In a recent article in BrokerNews it was stated that banks may be looking to borrowers to improve subdued profit earnings, reported the ABC News.
Commonwealth Bank of Australia recently revealed it bounced back from a small decline in profits last year, posting a profit of $5.7bn result this year. Other banks are expected to show similar returns.
But analysts are predicting the days of big bank returns are coming to an end as slower credit and profit growth become the norm. According to Brian Johnson, a banking analyst at investment group CLSA, new regulations combined with market forces will restrict growth in the medium term.

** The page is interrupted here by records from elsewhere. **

(* Let $P$ be the uniform distribution on $[a,b]\subset\mathbb{R}$ and let $c,d$ satisfy $a<c<d<b$. For $n\in\mathbb{N}$, $n\geq2$, let $\alpha_n$ be a conditional optimal set of $n$-points for $P$ with respect to $\beta=\{c,d\}$ such that $\alpha_n$ contains $k$ elements of $[a,c]$, $\ell$ elements of $[c,d]$ and $m$ elements of $[d,b]$, where $k,\ell,m\in\mathbb{N}$, $k,m\geq1$, $\ell\geq2$. Then $k+\ell+m=n+2$, \[\alpha_n\cap[a,c]=\Big\{a+\tfrac{(2j-1)(c-a)}{2k-1}:1\leq j\leq k\Big\},\quad \alpha_n\cap[c,d]=\Big\{c+\tfrac{j-1}{\ell-1}(d-c):1\leq j\leq\ell\Big\},\] \[\alpha_n\cap[d,b]=\Big\{d+\tfrac{2(j-1)(b-d)}{2m-1}:1\leq j\leq m\Big\},\] and the conditional quantization error is \[V_n=\frac1{3(b-a)}\Big(\frac{(c-a)^3}{(2k-1)^2}+\frac14\,\frac{(d-c)^3}{(\ell-1)^2}+\frac{(b-d)^3}{(2m-1)^2}\Big).\]
   Context: Conditional quantization on $\mathbb{R}$: for a Borel probability measure $P$ on $\mathbb{R}$ and a finite set $\beta\subset\mathbb{R}$ with $\mathrm{card}(\beta)=r$, for $n\geq r$ the $n$th conditional quantization error is $V_n=\inf\{\int\min_{a'\in\alpha\cup\beta}(x-a')^2\,dP(x):\alpha\subset\mathbb{R},\ \mathrm{card}(\alpha)\leq n-r\}$. A set $\alpha\cup\beta$ attaining this infimum, such that each $b'\in\beta$ has a Voronoi region (points at least as close to $b'$ as to any other point of the set) of positive $P$-measure, is a conditional optimal set of $n$-points with respect to $\beta$; it contains $\beta$. *)

theory Defs
  imports "HOL-Probability.Probability"
begin
lemma AE_eventual_consensus:
  assumes bounded: "q_bounded N Q0"
  shows "AE \<omega> in stream_space (measure_pmf D). \<exists>t0. \<exists>x\<in>{-1, 1::int}. \<forall>i\<in>agents N. \<forall>t\<ge>t0.
    arlod_traj \<alpha> Q0 \<omega> t i (-x) < arlod_traj \<alpha> Q0 \<omega> t i x"
proof -
  obtain n where n: "(1 - \<alpha>) ^ n < 1 / 2"
    using real_arch_pow_inv[of "1 / 2" "1 - \<alpha>"] \<alpha>_pos by auto
  define p where "p = min \<epsilon> (1 - \<epsilon>) / real N ^ 2"
  have p: "0 < p" "p \<le> 1"
    using \<epsilon>_pos \<epsilon>_lt_1 N_ge_2 by (auto simp: p_def field_simps intro: order.trans[OF _ one_le_power])
  have "AE \<omega> in stream_space (measure_pmf D). \<exists>t. consensus N (foldl step Q0 (stake t \<omega>))"
  proof (rule AE_eventually_reaches[where I = "q_bounded N" and p = p and K = "2 * n * N"])
    show "\<exists>ws. length ws \<le> 2 * n * N \<and> (\<forall>c\<in>set ws. p \<le> pmf D c) \<and> consensus N (foldl step Q ws)"
      if bounded_Q: "q_bounded N Q" for Q
    proof -
      obtain ws where "length ws \<le> 2 * n * N" "\<forall>c\<in>set ws. admissible c" "consensus N (foldl step Q ws)"
        using reach_consensus[OF n bounded_Q] by blast
      then show ?thesis using pmf_round_noise_ge unfolding p_def by blast
    qed
  qed (use finite_set_round_noise q_bounded_step p bounded in auto)
  moreover have "AE \<omega> in stream_space (measure_pmf D). stream_all (\<lambda>c. c \<in> set_pmf D) \<omega>"
    by (rule prob_space.AE_stream_all[OF prob_space_measure_pmf]) (simp_all add: AE_measure_pmf)
  then have "AE \<omega> in stream_space (measure_pmf D). \<forall>t. admissible (\<omega> !! t)"
    by (rule eventually_mono) (simp add: stream_all_def set_round_noise)
  ultimately show ?thesis
  proof eventually_elim
    case (elim \<omega>)
    then obtain t0 x where x: "x \<in> {-1, 1}" and "consensus_on N x (arlod_traj \<alpha> Q0 \<omega> t0)"
      by (auto simp: consensus_def arlod_traj_eq_foldl)
    then have "consensus_on N x (arlod_traj \<alpha> Q0 \<omega> t)" if "t0 \<le> t" for t
      using consensus_on_traj_persists[OF elim(2) bounded x _ that] by blast
    then show ?case using x unfolding consensus_on_def by blast
  qed
qed
definition dfa_lang :: "'a set \<Rightarrow> 'a dfa \<Rightarrow> 'a list set" where
  "dfa_lang Alph D = {w \<in> lists Alph. fold (\<lambda>a q. dtrans D q a) w (dinit D) \<in> dfinal D}"

definition regular :: "'a set \<Rightarrow> 'a list set \<Rightarrow> bool" where
  "regular Alph L \<longleftrightarrow> (\<exists>A. is_nfa Alph A \<and> nfa_lang Alph A = L)"

definition minimal_nfa :: "'a set \<Rightarrow> 'a nfa \<Rightarrow> nat \<Rightarrow> bool" where
  "minimal_nfa Alph A n \<longleftrightarrow> is_nfa Alph A \<and> card (nstates A) = n \<and>
     (\<forall>B. is_nfa Alph B \<and> nfa_lang Alph B = nfa_lang Alph A \<longrightarrow> n \<le> card (nstates B))"

definition min_dfa_size :: "'a set \<Rightarrow> 'a list set \<Rightarrow> nat \<Rightarrow> bool" where
  "min_dfa_size Alph L m \<longleftrightarrow>
     (\<exists>D. is_dfa Alph D \<and> dfa_lang Alph D = L \<and> card (dstates D) = m) \<and>
     (\<forall>D. is_dfa Alph D \<and> dfa_lang Alph D = L \<longrightarrow> m \<le> card (dstates D))"

definition star_lang :: "'a set \<Rightarrow> 'a list set \<Rightarrow> bool" where
  "star_lang Alph L \<longleftrightarrow> (\<exists>H. H \<subseteq> lists Alph \<and> regular Alph H \<and> L = kstar H)"

definition comet_lang :: "'a set \<Rightarrow> 'a list set \<Rightarrow> bool" where
  "comet_lang Alph L \<longleftrightarrow> (\<exists>G H. G \<subseteq> lists Alph \<and> H \<subseteq> lists Alph \<and>
     regular Alph G \<and> regular Alph H \<and> G \<noteq> {[]} \<and> G \<noteq> {} \<and> L = conc (kstar G) H)"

“Back in the old days, banks’ business used to be borrowing money cheaply and lending it out expensively. Over the 2000s borrowing money cheaply was a very easy thing to do so you didn’t have to worry about that. It was all about lending money, “he told ABC News. “The new era that we are going back to, the borrowing money cheaply part actually gets to become quite difficult”.
Johnson added that the major banks’ strategy of growing profits on the back of home lending has its faults. ”We certainly have done quite a bit of work on this and our view is, as interest rates rise, first home buyers who borrowed at the lows of the interest rate cycle when the cash rate was 3 per cent, their ability to service those loans as interest rates rise is a real question mark”.
Johnson warns borrowers that the major banks are likely to try and make up profit shortfalls by increasing the margin on their home loans.